Effective password management is the most central single element in assuring the overall security of Longwood's information technology (IT) resources and systems and the protection of University data. The purpose of this policy is to ensure that all users are aware of their responsibilities in effective password management and to ensure that appropriate password standards are applied to all University IT systems.
This policy applies to all IT systems whether connected to the network or standalone, hosted internally or externally or administered by Information and Instructional Technology Services (IITS) or another department.
Password Management: Password management is the selection, distribution, use, modification and testing of computer system passwords.
All who participate in the use and administration of Longwood's IT resources and systems share responsibility for effective password management. Specific responsibilities are assigned as follows:
- Password Standards: Passwords will be required on all University sensitive IT systems and other IT systems where passwords are necessary for accountability, as well as on University mobile devices (e.g., smart phones). IITS will provide Minimum Password Standards that must be applied to all University IT systems that utilize passwords for authentication; however, more rigorous password requirements will be applied to IT systems commensurate with the systems' sensitivity and risk. The actual password requirements applied to the IT system will be documented in the IT system security plan.
- Password Testing: IITS reserves the right to monitor the overall security of Longwood's IT environment by testing the strength of passwords on all University IT systems, both those it administers and others.
- Personal Ownership of Password Management: Ultimately, individuals using Longwood's IT resources and systems are responsible for assuring effective password management. To fulfill this responsibility, they shall be aware of and follow the Minimum Password Standards. Most notably, this includes creating strong passwords (see Password Creation Guidelines) and safeguarding their passwords' integrity. Passwords represent an individual's identity to the IT system and should never be disclosed to or used by others.
Responsibility to Report Compromise: All users are required to immediately contact the Help Desk and change their password if at any time they suspect their password has been compromised.
V. Exception And Exemptions
The Chief Information Officer of Longwood University must approve exceptions to or exemptions from any provision of this policy or the Minimum Password Standards in writing.

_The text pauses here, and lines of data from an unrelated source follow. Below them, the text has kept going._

lemma (in finite_measure) measure_Collect_gt_le_if_right:
  fixes X :: "'a \<Rightarrow> real"
  assumes S: "S \<in> sets M" and X: "X \<in> borel_measurable M"
    and right: "\<And>x. c < x \<Longrightarrow> measure M {\<omega>\<in>S. x < X \<omega>} \<le> p"
  shows "measure M {\<omega>\<in>S. c < X \<omega>} \<le> p"
proof -
  define W where "W k = {\<omega>\<in>S. c + 1 / Suc k < X \<omega>}" for k
  have W_mono: "incseq W"
  proof (intro incseq_SucI)
    fix k
    have "1 / real (Suc (Suc k)) \<le> 1 / Suc k"
      by (simp add: frac_le)
    then show "W k \<subseteq> W (Suc k)"
      unfolding W_def by auto
  qed
  moreover have W_limit: "(\<Union>k. W k) = {\<omega>\<in>S. c < X \<omega>}"
  proof (intro equalityI subsetI)
    fix \<omega> assume \<omega>: "\<omega> \<in> {\<omega>\<in>S. c < X \<omega>}"
    then obtain k where "1 / Suc k < X \<omega> - c"
      using nat_approx_posE[of "X \<omega> - c"] by auto
    with \<omega> show "\<omega> \<in> (\<Union>k. W k)"
      unfolding W_def by (auto simp: algebra_simps)
  next
    fix \<omega> assume "\<omega> \<in> (\<Union>k. W k)"
    then obtain k where "\<omega> \<in> S" "c + 1 / Suc k < X \<omega>"
      unfolding W_def by blast
    moreover have "0 < 1 / real (Suc k)"
      by simp
    ultimately have "c < X \<omega>"
      by linarith
    with \<open>\<omega> \<in> S\<close> show "\<omega> \<in> {\<omega>\<in>S. c < X \<omega>}"
      by simp
  qed
  moreover have "range W \<subseteq> sets M"
    unfolding W_def using S X by auto
  ultimately have "(\<lambda>k. measure M (W k)) \<longlonglongrightarrow> measure M {\<omega>\<in>S. c < X \<omega>}"
    unfolding W_limit[symmetric] by (intro finite_Lim_measure_incseq)
  moreover have "measure M (W k) \<le> p" for k
    unfolding W_def by (rule right) simp
  ultimately show ?thesis
    by (intro LIMSEQ_le_const2) auto
qed

lemma (in finite_measure) measure_Collect_ge_ge_if_left:
  fixes X :: "'a \<Rightarrow> real"
  assumes S: "S \<in> sets M" and X: "X \<in> borel_measurable M"
    and left: "\<And>x. x < c \<Longrightarrow> p \<le> measure M {\<omega>\<in>S. x < X \<omega>}"
  shows "p \<le> measure M {\<omega>\<in>S. c \<le> X \<omega>}"
proof -
  define W where "W k = {\<omega>\<in>S. c - 1 / Suc k < X \<omega>}" for k
  have W_mono: "decseq W"
  proof (intro decseq_SucI)
    fix k
    have "1 / real (Suc (Suc k)) \<le> 1 / Suc k"
      by (simp add: frac_le)
    then show "W (Suc k) \<subseteq> W k"
      unfolding W_def by auto
  qed
  moreover have W_limit: "(\<Inter>k. W k) = {\<omega>\<in>S. c \<le> X \<omega>}"
  proof (intro equalityI subsetI)
    fix \<omega> assume \<omega>: "\<omega> \<in> (\<Inter>k. W k)"
    have "c \<le> X \<omega>"
    proof (rule ccontr)
      assume "\<not> c \<le> X \<omega>"
      then obtain k where "1 / Suc k < c - X \<omega>"
        using nat_approx_posE[of "c - X \<omega>"] by auto
      moreover have "c - 1 / Suc k < X \<omega>"
        using \<omega> unfolding W_def by blast
      ultimately show False
        by linarith
    qed
    then show "\<omega> \<in> {\<omega>\<in>S. c \<le> X \<omega>}"
      using \<omega> unfolding W_def by auto
  qed (auto simp: W_def intro: less_le_trans[of _ c, rotated])
  moreover have "range W \<subseteq> sets M"
    unfolding W_def using S X by auto
  ultimately have "(\<lambda>k. measure M (W k)) \<longlonglongrightarrow> measure M {\<omega>\<in>S. c \<le> X \<omega>}"
    unfolding W_limit[symmetric] by (intro finite_Lim_measure_decseq)
  moreover have "p \<le> measure M (W k)" for k
    unfolding W_def by (rule left) simp
  ultimately show ?thesis
    by (intro LIMSEQ_le_const) auto
qed
(* The quadratic form $$\sum_{\sigma\in S_0}\sigma\left(x_{1,\sigma}^2+x_{2,\sigma}^2+x_{3,\sigma}^2+x_{4,\sigma}^2+\epsilon x_{5,\sigma}^2+\epsilon x_{6,\sigma}^2+\epsilon x_{7,\sigma}^2+\epsilon x_{8,\sigma}^2\right)$$ is universal over $\mathcal{O}_K$ (it represents every totally positive element of $\mathcal{O}_K$ with variables in $\mathcal{O}_K$) and has $8M_D$ variables.
   Context: $D>1$ squarefree, $K=\mathbb{Q}(\sqrt D)$, $\mathcal{O}_K$ its ring of integers, $\alpha'$ the conjugate; totally positive means $\alpha>0,\alpha'>0$. $\omega_D=\sqrt D$ if $D\equiv2,3\pmod4$, $\omega_D=\frac{1+\sqrt D}2$ if $D\equiv1\pmod4$, with continued fraction $\omega_D=[u_0;\overline{u_1,\dots,u_s}]$, $s$ minimal period. Let $p_{-1}=1,q_{-1}=0,p_0=u_0,q_0=1$, $p_{i+1}=u_{i+1}p_i+p_{i-1}$, $q_{i+1}=u_{i+1}q_i+q_{i-1}$, $\alpha_i=p_i-q_i\omega_D'$, $\alpha_{i,r}=\alpha_i+r\alpha_{i+1}$. $S=\{\alpha_{i,r},\alpha_{i,r}'\mid i\geq-1\text{ odd},0\leq r<u_{i+2}\}$, $\epsilon$ the totally positive fundamental unit of $\mathcal{O}_K$, $S_0=\{\sigma\in S\mid\epsilon>\sigma\geq\sigma'>0\}$. $M_D=u_1+u_3+\dots+u_{s-1}$ if $s$ is even; $M_D=2u_0+u_1+\dots+u_{s-1}$ if $s$ odd and $D\equiv2,3\pmod4$; $M_D=2u_0+u_1+\dots+u_{s-1}-1$ if $s$ odd and $D\equiv1\pmod4$. *)

theory Defs
  imports Complex_Main "HOL-Computational_Algebra.Squarefree"
begin

definition omegaD :: "nat \<Rightarrow> real" where
  "omegaD D = (if D mod 4 = 1 then (1 + sqrt (real D)) / 2 else sqrt (real D))"

definition omegaD' :: "nat \<Rightarrow> real" where
  "omegaD' D = (if D mod 4 = 1 then (1 - sqrt (real D)) / 2 else - sqrt (real D))"

definition OK :: "nat \<Rightarrow> real set" where
  "OK D = {x. \<exists>a b :: int. x = of_int a + of_int b * omegaD D}"

definition qconj :: "nat \<Rightarrow> real \<Rightarrow> real" where
  "qconj D x = (THE y. \<exists>a b :: rat. x = of_rat a + of_rat b * sqrt (real D)
                                  \<and> y = of_rat a - of_rat b * sqrt (real D))"

definition totally_positive :: "nat \<Rightarrow> real \<Rightarrow> bool" where
  "totally_positive D x \<longleftrightarrow> x > 0 \<and> qconj D x > 0"

definition tp_units_gt1 :: "nat \<Rightarrow> real set" where
  "tp_units_gt1 D = {u \<in> OK D. (\<exists>v \<in> OK D. u * v = 1) \<and> totally_positive D u \<and> u > 1}"

definition epsD :: "nat \<Rightarrow> real" where
  "epsD D = (THE u. u \<in> tp_units_gt1 D \<and> (\<forall>v \<in> tp_units_gt1 D. u \<le> v))"

fun cfrem :: "real \<Rightarrow> nat \<Rightarrow> real" where
  "cfrem x 0 = x"
| "cfrem x (Suc n) = 1 / frac (cfrem x n)"

definition u :: "nat \<Rightarrow> nat \<Rightarrow> int" where
  "u D n = \<lfloor>cfrem (omegaD D) n\<rfloor>"

definition period :: "nat \<Rightarrow> nat" where
  "period D = (LEAST s. s > 0 \<and> (\<forall>i\<ge>1. u D (i + s) = u D i))"

text \<open>Convergents, shifted by one: pq a j = (p_{j-1}, q_{j-1}), so pq a 0 = (p_{-1}, q_{-1}) = (1,0).\<close>
fun pq :: "(nat \<Rightarrow> int) \<Rightarrow> nat \<Rightarrow> int \<times> int" where
  "pq a 0 = (1, 0)"
| "pq a (Suc 0) = (a 0, 1)"
| "pq a (Suc (Suc n)) =
     (a (Suc n) * fst (pq a (Suc n)) + fst (pq a n),
      a (Suc n) * snd (pq a (Suc n)) + snd (pq a n))"

text \<open>alphaS D j = alpha_{j-1} = p_{j-1} - q_{j-1} omega_D'.\<close>
definition alphaS :: "nat \<Rightarrow> nat \<Rightarrow> real" where
  "alphaS D j = of_int (fst (pq (u D) j)) - of_int (snd (pq (u D) j)) * omegaD' D"

text \<open>For odd i = 2k-1 (k \<ge> 0): alpha_{i,r} = alpha_i + r alpha_{i+1}, with 0 \<le> r < u_{i+2}.\<close>
definition alpha_ir :: "nat \<Rightarrow> nat \<Rightarrow> nat \<Rightarrow> real" where
  "alpha_ir D k r = alphaS D (2*k) + real r * alphaS D (2*k + 1)"

definition Sset :: "nat \<Rightarrow> real set" where
  "Sset D = {a. \<exists>k r. int r < u D (2*k + 1) \<and>
                      (a = alpha_ir D k r \<or> a = qconj D (alpha_ir D k r))}"

definition S0 :: "nat \<Rightarrow> real set" where
  "S0 D = {\<sigma> \<in> Sset D. epsD D > \<sigma> \<and> \<sigma> \<ge> qconj D \<sigma> \<and> qconj D \<sigma> > 0}"

definition MD :: "nat \<Rightarrow> int" where
  "MD D = (let s = period D in
     if even s then (\<Sum>k<s div 2. u D (2*k + 1))
     else if D mod 4 = 1 then 2 * u D 0 + (\<Sum>i\<in>{1..<s}. u D i) - 1
     else 2 * u D 0 + (\<Sum>i\<in>{1..<s}. u D i))"

definition Qform :: "nat \<Rightarrow> (real \<Rightarrow> nat \<Rightarrow> real) \<Rightarrow> real" where
  "Qform D x = (\<Sum>\<sigma>\<in>S0 D. \<sigma> * ((\<Sum>j\<in>{1..4}. (x \<sigma> j)^2)
                                + epsD D * (\<Sum>j\<in>{5..8}. (x \<sigma> j)^2)))"
lemma sinkless_if_no_long_walk:
  assumes good: "\<forall>x\<in>darts V deg. r \<notin> long_walk V deg nb f x"
    and out: "\<And>v p l1 l2. (v, p) \<in> darts V deg \<Longrightarrow> walk succ opposite f (v, p) (v, p) [] = Some l1 \<Longrightarrow>
      walk succ opposite f (nb v p) (nb v p) [] = Some l2 \<Longrightarrow> out v p = dart_orientation V deg nb r (v, p)"
  shows "sinkless_orientation V deg nb out"
proof (rule sinkless_if_eq_dart_orientation)
  fix v p assume "v \<in> V" "p < deg v"
  then have x: "(v, p) \<in> darts V deg" "nb v p \<in> darts V deg"
    using reverse_in_domain[of "(v, p)"] by simp_all
  have finishes: "\<exists>l. walk succ opposite f y y [] = Some l" if "y \<in> darts V deg" for y
    using good that by (auto simp: long_walk_def)
  obtain l1 l2 where "walk succ opposite f (v, p) (v, p) [] = Some l1"
    "walk succ opposite f (nb v p) (nb v p) [] = Some l2"
    using finishes[OF x(1)] finishes[OF x(2)] by blast
  then show "out v p = dart_orientation V deg nb r (v, p)" using out x(1) by blast
qed

end

definition shared_decoder :: "nat \<Rightarrow> bool list \<Rightarrow> nat \<times> nat \<times> nat \<Rightarrow> nat \<times> nat \<times> nat \<times> bool list" where
  "shared_decoder n \<rho> = (\<lambda>(y, d, q). (y, d, q, blocks n \<rho> y))"
(* Let $(a_n)_{n\ge1}$ be a real sequence with $|a_n|\le1$, and let $N_1<N_2<\cdots$ be integers with $\lim_{j\to\infty}\frac1{N_j}\sum_{n=1}^{N_j}|a_n|=\theta>0$. Then there exist a subsequence $(N_{j_t})_{t\ge1}$ and a point $x\in X$ such that for all sufficiently large $t$, $$\frac1{N_{j_t}}\sum_{n=1}^{N_{j_t}}f(\hat T^nx)\,a(n)\ \ge\ \theta\,\tau(N_{j_t}).$$ In particular $\limsup_{N\to\infty}\frac{\frac1N\sum_{n=1}^Nf(\hat T^nx)a(n)}{\tau(N)}>0$.
   Context: Let $\tau:\mathbb N\to(0,\infty)$ be non-increasing with $\tau(n)\to0$. Fix integers $2\le q_1<q_2<\cdots$ such that for every $k\ge1$: (i) $q_{k+1}>q_k^4+3q_k$; (ii) $\tau(\lceil q_{k+1}/3\rceil)<\frac1{16q_k}$. For $k\ge1$ put $q^{(0)}_k=q_{2k}$, $q^{(1)}_k=q_{2k+1}$, $q^{(2)}_k=q^{(0)}_k-1$, $q^{(3)}_k=q^{(1)}_k-1$, and $L^{(i)}_k=\lfloor q^{(i)}_{k+1}/(3q^{(i)}_k)\rfloor$. Let $s^{(i)}_k\in\{-1,0,1\}^{\mathbb N}$ (indices $n\ge1$) be given by $s^{(i)}_k(n)=1$ if $n=jq^{(i)}_k$ with $1\le j\le L^{(i)}_k$, $s^{(i)}_k(n)=-1$ if $n=jq^{(i)}_k$ with $L^{(i)}_k<j\le2L^{(i)}_k$, and $s^{(i)}_k(n)=0$ otherwise. For $w\in\{-1,0,1\}^{\mathbb N}$ and $p\in\mathbb N_0$ let $\sigma^{-p}w$ be defined by $(\sigma^{-p}w)(n)=0$ for $1\le n\le p$ and $(\sigma^{-p}w)(n)=w(n-p)$ for $n>p$. For $l\le m$ write $w|_l^m=(w_l,\dots,w_m)$. Let $R^{(i)}_k=\{(\sigma^{-p}s^{(i)}_k)|_{q^{(i)}_k}^{q^{(i)}_{k+1}-1}:p=0,1,\dots,q^{(i)}_k\}$ and $P^{(i)}=\{y\in\{-1,0,1\}^{\mathbb N}: y(n)=0\text{ for }1\le n<q^{(i)}_1,\ y|_{q^{(i)}_k}^{q^{(i)}_{k+1}-1}\in R^{(i)}_k\text{ for all }k\ge1\}$. Let $Z=\{-1,0,1\}^{\mathbb N}\times\{-1,0,1\}^{\mathbb Z}$, where each factor carries the metric $d(u,v)=3^{-\min\{|m|:u_m\neq v_m\}}$ and $Z$ the maximum of the two. $\sigma$ is the left shift $(\sigma u)_m=u_{m+1}$ (invertible on $\{-1,0,1\}^{\mathbb Z}$). Define $T:Z\to Z$, $T(y,z)=(\sigma y,\sigma^{y_1}z)$, and $X_i=\overline{\bigcup_{n\ge0}T^n(P^{(i)}\times\{-1,0,1\}^{\mathbb Z})}$ for $i\in\{0,1,2,3\}$. Let $X=X_0\times X_1\times X_2\times X_3\times\{0,1,2,3\}$ with $\hat T(p^{(0)},p^{(1)},p^{(2)},p^{(3)},i)=(Tp^{(0)},Tp^{(1)},Tp^{(2)},Tp^{(3)},i)$, and $f\in\mathcal C(X)$, $f((y^{(0)},z^{(0)}),(y^{(1)},z^{(1)}),(y^{(2)},z^{(2)}),(y^{(3)},z^{(3)}),i)=z^{(i)}_0$. *)

theory Defs
  imports "HOL-Analysis.Analysis"
begin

The University regards any violation of this policy as a serious offense. Violators of this policy are subject to disciplinary action, in addition to possible cancellation of IT resources and systems access privileges. Users of IT resources and systems at Longwood are subject to all applicable local, state and federal statutes. This policy does not preclude prosecution of criminal and civil cases under relevant local, state, federal and international laws and regulations.
Approved by the Board of Visitors, September 7, 2002.
Revised and approved by the Board of Visitors, December 5, 2008.